I believe that this is specific for creating tokens for third party apps, whereas I’m looking to use bubble’s native Bearer token for the bubble API. E.g. How to authenticate - Bubble Docs

you don’t use a user’s password in the sense you’re thinking of. and the code has to run in an api workflow (on the server) which is secure. For you to be able to retrieve the token. So, you’ll setup your sign the user up or log in workflow on a backend workflow, and then hit the endpoint with it setup in the api connector which is also on the server. so.

I’ve followed the manual (As a User - Bubble Docs), where yes there’s a backend API workflow (called “generate-api-token”), and it’s the user’s username and password that’s send (via GET request) to the server. The issue here is that sending passwords as a string is not secure. You wouldn’t put a password in an API call because then any dev can go into the server logs and read the user’s password.

The question here is, once the user authenticates securely and logs in to the front end, is there any way to use that authenticated login to show the user a token on the front end? This is how OpenAI does this, where you log in and then can generate a token by clicking a button as a logged-in user.
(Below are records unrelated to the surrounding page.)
lemma Av_Omega_h_energy_covariance:
  assumes \<Lambda>: "finite \<Lambda>" and I: "finite I" "l \<in> I"
  shows "Av \<Lambda> (\<lambda>z. Omega \<Lambda> \<Delta> \<beta> I (\<lambda>s. h_energy \<Lambda> (coupling \<Delta> z) (s l)) z * Omega \<Lambda> \<Delta> \<beta> I f z)
      - Av \<Lambda> (\<lambda>z. Omega \<Lambda> \<Delta> \<beta> I (\<lambda>s. h_energy \<Lambda> (coupling \<Delta> z) (s l)) z) * Av \<Lambda> (Omega \<Lambda> \<Delta> \<beta> I f)
    = - \<beta> / real (card \<Lambda>) * (\<Sum>X\<in>Pow \<Lambda>. (\<Delta> X)\<^sup>2 *
        ((\<Sum>i\<in>I. Av \<Lambda> (\<lambda>z. Omega \<Lambda> \<Delta> \<beta> I (\<lambda>s. f s * spin_prod (s i) X) z * spin_mean \<Lambda> \<Delta> \<beta> X z))
         - (real (card I) + 1) * Av \<Lambda> (\<lambda>z. Omega \<Lambda> \<Delta> \<beta> I f z * (spin_mean \<Lambda> \<Delta> \<beta> X z)\<^sup>2)
         + Av \<Lambda> (\<lambda>z. (spin_mean \<Lambda> \<Delta> \<beta> X z)\<^sup>2) * Av \<Lambda> (Omega \<Lambda> \<Delta> \<beta> I f)))"
    (is "?lhs = - \<beta> / _ * (\<Sum>X\<in>Pow \<Lambda>. (\<Delta> X)\<^sup>2 * ?E X)")
proof -
  let ?m = "spin_mean \<Lambda> \<Delta> \<beta>" and ?\<Omega> = "Omega \<Lambda> \<Delta> \<beta> I f"
  define A where "A X = Av \<Lambda> (\<lambda>z. z X * (?m X z * ?\<Omega> z))" for X
  define B where "B X = Av \<Lambda> (\<lambda>z. z X * ?m X z)" for X
  have "?lhs = - (1 / real (card \<Lambda>)) * (\<Sum>X\<in>Pow \<Lambda>. \<Delta> X * A X)
      + (1 / real (card \<Lambda>)) * (\<Sum>X\<in>Pow \<Lambda>. \<Delta> X * B X) * Av \<Lambda> ?\<Omega>"
    using Av_Omega_h_energy_mult[OF \<Lambda> I bounded_measurable_Omega[OF \<Lambda> I(1)]]
      Av_Omega_h_energy_mult[OF \<Lambda> I bounded_measurable_const[of _ 1]]
    by (simp add: A_def B_def)
  also have "\<dots> = - (1 / real (card \<Lambda>)) * (\<Sum>X\<in>Pow \<Lambda>. \<Delta> X * A X - \<Delta> X * B X * Av \<Lambda> ?\<Omega>)"
    by (simp add: sum_subtractf sum_distrib_left sum_distrib_right sum_negf algebra_simps)
  also have "\<dots> = - (1 / real (card \<Lambda>)) * (\<Sum>X\<in>Pow \<Lambda>. \<beta> * ((\<Delta> X)\<^sup>2 * ?E X))"
  proof (intro arg_cong[where f="\<lambda>S. - (1 / real (card \<Lambda>)) * S"] sum.cong refl)
    fix X assume X: "X \<in> Pow \<Lambda>"
    show "\<Delta> X * A X - \<Delta> X * B X * Av \<Lambda> ?\<Omega> = \<beta> * ((\<Delta> X)\<^sup>2 * ?E X)"
      unfolding A_def B_def Av_coupling_mult_spin_mean_Omega[OF \<Lambda> X I(1)] Av_coupling_mult_spin_mean[OF \<Lambda> X]
      by (simp add: algebra_simps power2_eq_square)
  qed
  finally show ?thesis
    by (simp add: sum_distrib_left)
qed
(* Let $N\geqslant 2$, $1<p<N$, $p<q<p+\frac{p^2}{N}$, $a,\mu>0$ with $\mu a^{q(1-\gamma_{q})}<\alpha(N,p,q)$, and let \[h(t)=\frac{1}{p}t^p-\frac{\mu}{q}C_{N,p,q}a^{q(1-\gamma_{q})}t^{q\gamma_{q}}-\frac{1}{p^*S^{p^*/p}}t^{p^*},\quad t>0.\] Then $h$ has exactly two critical points on $(0,\infty)$, one a local minimum at negative level and the other a global maximum at positive level. In addition, there exist $R_{1}>R_{0}>0$ such that $h(R_{0})=h(R_{1})=0$, and $h(t)>0$ if and only if $t\in(R_{0},R_{1})$.
   Context: $p^*=\frac{Np}{N-p}$, $\gamma_{q}=\frac{N(q-p)}{pq}$. $S$ is the optimal constant in $S\lVert u\rVert_{p^*}^p\leqslant\lVert\nabla u\rVert_p^p$; $C_{N,p,q}$ is the optimal constant in $\lVert u\rVert_q^q\leqslant C_{N,p,q}\lVert\nabla u\rVert_p^{q\gamma_q}\lVert u\rVert_p^{q(1-\gamma_q)}$. $\alpha(N,p,q)=\min\{C',C''\}$ with $C'=\Big(\frac{p^*S^{p^*/p}(p-q\gamma_{q})}{p(p^*-q\gamma_{q})}\Big)^{\frac{p-q\gamma_{q}}{p^*-p}}\frac{q(p^*-p)}{pC_{N,p,q}(p^*-q\gamma_{q})}$, $C''=\frac{pp^*}{N\gamma_{q}C_{N,p,q}(p^*-p)}\Big(\frac{q\gamma_{q}S^{N/p}}{p-q\gamma_{q}}\Big)^{\frac{p-q\gamma_{q}}{p}}$. *)

theory Defs
  imports "HOL-Analysis.Analysis"
begin

definition pstar :: "real \<Rightarrow> real \<Rightarrow> real" where
  "pstar N p = N * p / (N - p)"

definition gammaq :: "real \<Rightarrow> real \<Rightarrow> real \<Rightarrow> real" where
  "gammaq N p q = N * (q - p) / (p * q)"

(* S: Sobolev constant, C: Gagliardo-Nirenberg constant C_{N,p,q} *)
definition alpha_C1 :: "real \<Rightarrow> real \<Rightarrow> real \<Rightarrow> real \<Rightarrow> real \<Rightarrow> real" where
  "alpha_C1 N p q S C =
     (let ps = pstar N p; g = gammaq N p q in
      ((ps * S powr (ps / p) * (p - q * g)) / (p * (ps - q * g))) powr ((p - q * g) / (ps - p))
      * (q * (ps - p)) / (p * C * (ps - q * g)))"
(* For every tree $T$ of order $n\ge 2$, $\sigma_t(T)\le (n-2)\,\sigma(T)$. Equality holds if and only if $T$ is the path $P_n$. Equivalently, if $\Delta(T)\ge 3$ then $\sigma_t(T)<(n-2)\sigma(T)$.
   Context: For a graph $G=(V,E)$ with vertex degrees $d(\cdot)$: $\sigma(G)=\sum_{uv\in E}(d(u)-d(v))^2$ (sum over edges) and $\sigma_t(G)=\sum_{\{u,v\}\subseteq V}(d(u)-d(v))^2$ (sum over all unordered pairs of distinct vertices). $\Delta(T)$ is the maximum degree and $P_n$ is the path on $n$ vertices. *)

theory Defs
  imports Main
begin

definition simple_graph :: "'a set \<Rightarrow> 'a set set \<Rightarrow> bool" where
  "simple_graph V E \<longleftrightarrow> finite V \<and> (\<forall>e\<in>E. e \<subseteq> V \<and> card e = 2)"

definition degree :: "'a set set \<Rightarrow> 'a \<Rightarrow> nat" where
  "degree E v = card {e \<in> E. v \<in> e}"

definition is_walk :: "'a set \<Rightarrow> 'a set set \<Rightarrow> 'a list \<Rightarrow> bool" where
  "is_walk V E xs \<longleftrightarrow> xs \<noteq> [] \<and> set xs \<subseteq> V \<and>
     (\<forall>i. Suc i < length xs \<longrightarrow> {xs ! i, xs ! Suc i} \<in> E)"

definition connected_graph :: "'a set \<Rightarrow> 'a set set \<Rightarrow> bool" where
  "connected_graph V E \<longleftrightarrow> V \<noteq> {} \<and>
     (\<forall>u\<in>V. \<forall>v\<in>V. \<exists>xs. is_walk V E xs \<and> hd xs = u \<and> last xs = v)"

definition is_cycle :: "'a set \<Rightarrow> 'a set set \<Rightarrow> 'a list \<Rightarrow> bool" where
  "is_cycle V E xs \<longleftrightarrow> length xs \<ge> 3 \<and> distinct xs \<and> is_walk V E xs \<and>
     {last xs, hd xs} \<in> E"

definition is_tree :: "'a set \<Rightarrow> 'a set set \<Rightarrow> bool" where
  "is_tree V E \<longleftrightarrow> simple_graph V E \<and> connected_graph V E \<and> (\<nexists>xs. is_cycle V E xs)"

definition is_path_graph :: "'a set \<Rightarrow> 'a set set \<Rightarrow> bool" where
  "is_path_graph V E \<longleftrightarrow> (\<exists>f. bij_betw f {0..<card V} V \<and>
     E = {{f i, f (Suc i)} | i. Suc i < card V})"

definition max_degree :: "'a set \<Rightarrow> 'a set set \<Rightarrow> nat" where
  "max_degree V E = Max (degree E ` V)"

definition sigma :: "'a set set \<Rightarrow> int" where
  "sigma E = (\<Sum>e\<in>E. (THE s. \<exists>u v. e = {u, v} \<and> s = (int (degree E u) - int (degree E v))^2))"

definition sigma_t :: "'a set \<Rightarrow> 'a set set \<Rightarrow> int" where
  "sigma_t V E = (\<Sum>p\<in>{p. p \<subseteq> V \<and> card p = 2}.
      (THE s. \<exists>u v. p = {u, v} \<and> s = (int (degree E u) - int (degree E v))^2))"

end

theory Submission
  imports Defs
begin

text \<open>
  Write x v = d v - 2 for the excess of a vertex. In a tree the excesses sum to -2, which turns
  sigma_t into n * (\<Sum>v. (x v)^2) - 4. Rooting the tree at any vertex z and setting
  t w = x w - x (parent w) for w \<noteq> z, one gets
  sigma - (\<Sum>v. (x v)^2) - 2 * x z = (\<Sum>w. t w * (t w + 1)) \<ge> 0.
  So with D = sigma - (\<Sum>v. (x v)^2) we have D \<ge> 2 * x v for every v, and
  (n - 2) * sigma - sigma_t = (\<Sum>v. (x v + 1) * (D - 2 * x v)) is a sum of non-negative terms,
  as x v \<ge> -1. A vertex v of degree at least 3 makes a term positive: either D > 2 * x v, or all
  t w lie in {-1, 0}, and then the neighbour p of a leaf has degree 2, so its term is D > 0.
  If all degrees are at most 2, rooting at a leaf gives D \<le> 0, so every term vanishes; and a tree
  of maximum degree at most 2 is a path.
\<close>

section \<open>Walks and pendant edges\<close>

fun edge_chain :: "'a set set \<Rightarrow> 'a list \<Rightarrow> bool" where
  "edge_chain E [] \<longleftrightarrow> True"
| "edge_chain E [x] \<longleftrightarrow> True"
| "edge_chain E (x # y # xs) \<longleftrightarrow> {x, y} \<in> E \<and> edge_chain E (y # xs)"

lemma edge_chain_iff_nth:
  "edge_chain E xs \<longleftrightarrow> (\<forall>i. Suc i < length xs \<longrightarrow> {xs ! i, xs ! Suc i} \<in> E)"
proof (induction E xs rule: edge_chain.induct)
  case (3 E x y xs)
  have "(\<forall>i. Suc i < length (x # y # xs) \<longrightarrow> P i) \<longleftrightarrow> P 0 \<and> (\<forall>i. Suc i < length (y # xs) \<longrightarrow> P (Suc i))"
    for P by (metis Suc_less_eq length_Cons not0_implies_Suc zero_less_Suc)
  then show ?case using 3 by simp
qed auto

lemma is_walk_iff_edge_chain: "is_walk V E xs \<longleftrightarrow> xs \<noteq> [] \<and> set xs \<subseteq> V \<and> edge_chain E xs"
  unfolding is_walk_def edge_chain_iff_nth by simp

lemma is_walk_rev:
  assumes "is_walk V E xs"
  shows "is_walk V E (rev xs)"
  unfolding is_walk_def
proof (intro conjI allI impI)
  fix i assume i: "Suc i < length (rev xs)"
  define j where "j = length xs - Suc (Suc i)"
  have "{xs ! j, xs ! Suc j} \<in> E" using assms i unfolding is_walk_def j_def by auto
  moreover have "length xs - Suc i = Suc j" using i unfolding j_def by simp
  ultimately show "{rev xs ! i, rev xs ! Suc i} \<in> E"
    using i unfolding j_def by (simp add: rev_nth insert_commute)
qed (use assms in \<open>auto simp: is_walk_def\<close>)

definition pendant_edge :: "'a set set \<Rightarrow> 'a \<Rightarrow> 'a \<Rightarrow> bool" where
  "pendant_edge E l u \<longleftrightarrow> u \<noteq> l \<and> {l, u} \<in> E \<and> (\<forall>e\<in>E. l \<in> e \<longrightarrow> e = {l, u})"

lemma degree_pendant: "pendant_edge E l u \<Longrightarrow> degree E l = 1"
proof -
  assume "pendant_edge E l u"
  then have "{e \<in> E. l \<in> e} = {{l, u}}" unfolding pendant_edge_def by auto
  then show ?thesis unfolding degree_def by simp
qed

lemma pendant_edge_vertices:
  assumes "simple_graph V E" "pendant_edge E l u"
  shows "l \<in> V" "u \<in> V"
proof -
  have "{l, u} \<in> E" using assms(2) unfolding pendant_edge_def by simp
  then show "l \<in> V" "u \<in> V" using assms(1) unfolding simple_graph_def by auto
qed

text \<open>A walk can enter and leave the pendant vertex l only through u, so the detour u l u can be cut out.\<close>

lemma edge_chain_avoid_pendant:
  assumes "edge_chain E xs" "xs \<noteq> []" "hd xs \<noteq> l" "last xs \<noteq> l" "pendant_edge E l u"
  shows "\<exists>ys. ys \<noteq> [] \<and> edge_chain (E - {{l, u}}) ys \<and> hd ys = hd xs \<and> last ys = last xs
    \<and> set ys \<subseteq> set xs - {l}"
  using assms(1-4)
proof (induction "length xs" arbitrary: xs rule: less_induct)
  case less
  have ul: "u \<noteq> l" and lu: "\<And>e. e \<in> E \<Longrightarrow> l \<in> e \<Longrightarrow> e = {l, u}"
    using assms(5) unfolding pendant_edge_def by auto
  show ?case
  proof (cases xs rule: remdups_adj.cases)
    case 1
    then show ?thesis using less by simp
  next
    case (2 x)
    then show ?thesis using less by (intro exI[of _ "[x]"]) auto
  next
    case (3 x y rest)
    have xl: "x \<noteq> l" and exy: "{x, y} \<in> E" using less 3 by auto
    show ?thesis
    proof (cases "y = l")
      case False
      obtain ys where ys: "ys \<noteq> []" "edge_chain (E - {{l, u}}) ys" "hd ys = y"
        "last ys = last (y # rest)" "set ys \<subseteq> set (y # rest) - {l}"
        using less(1)[of "y # rest"] less(2-5) 3 False by auto
      then obtain ys' where "ys = y # ys'" by (cases ys) auto
      moreover have "{x, y} \<noteq> {l, u}" using xl False by (auto simp: doubleton_eq_iff)
      ultimately show ?thesis using ys 3 xl exy by (intro exI[of _ "x # ys"]) auto
    next
      case True
      then have "x = u" using lu[OF exy] xl by (auto simp: doubleton_eq_iff)
      obtain w r where r: "rest = w # r" using less(5) 3 True by (cases rest) auto
      have "{l, w} \<in> E" using less(2) 3 r True by simp
      then have "w = u" using lu ul by (auto simp: doubleton_eq_iff)
      obtain ys where "ys \<noteq> []" "edge_chain (E - {{l, u}}) ys" "hd ys = w"
        "last ys = last (w # r)" "set ys \<subseteq> set (w # r) - {l}"
        using less(1)[of "w # r"] less(2-5) 3 r True \<open>w = u\<close> ul by auto
      then show ?thesis using 3 r True \<open>w = u\<close> \<open>x = u\<close> by (intro exI[of _ ys]) auto
    qed
  qed
qed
Yes there is. And it appears you’re just ill informed. You can set the backend workflow to be a POST (and you should) since any and ALL POST requests are always sent to server, and secure. https hosted sites secure data transmittals by encrypting them. So even if a password is exposed like let’s say, in the dom, it still wouldn’t be visible to an eavesdropper, unless they had direct access to the computer sending the info, which is highly unlikely. So again, create a backend workflow that logs a user in with a POST req, create an api call to it with the api connector to log the user in and get the bearer token on your front end code instead of the regular Sign a user up action.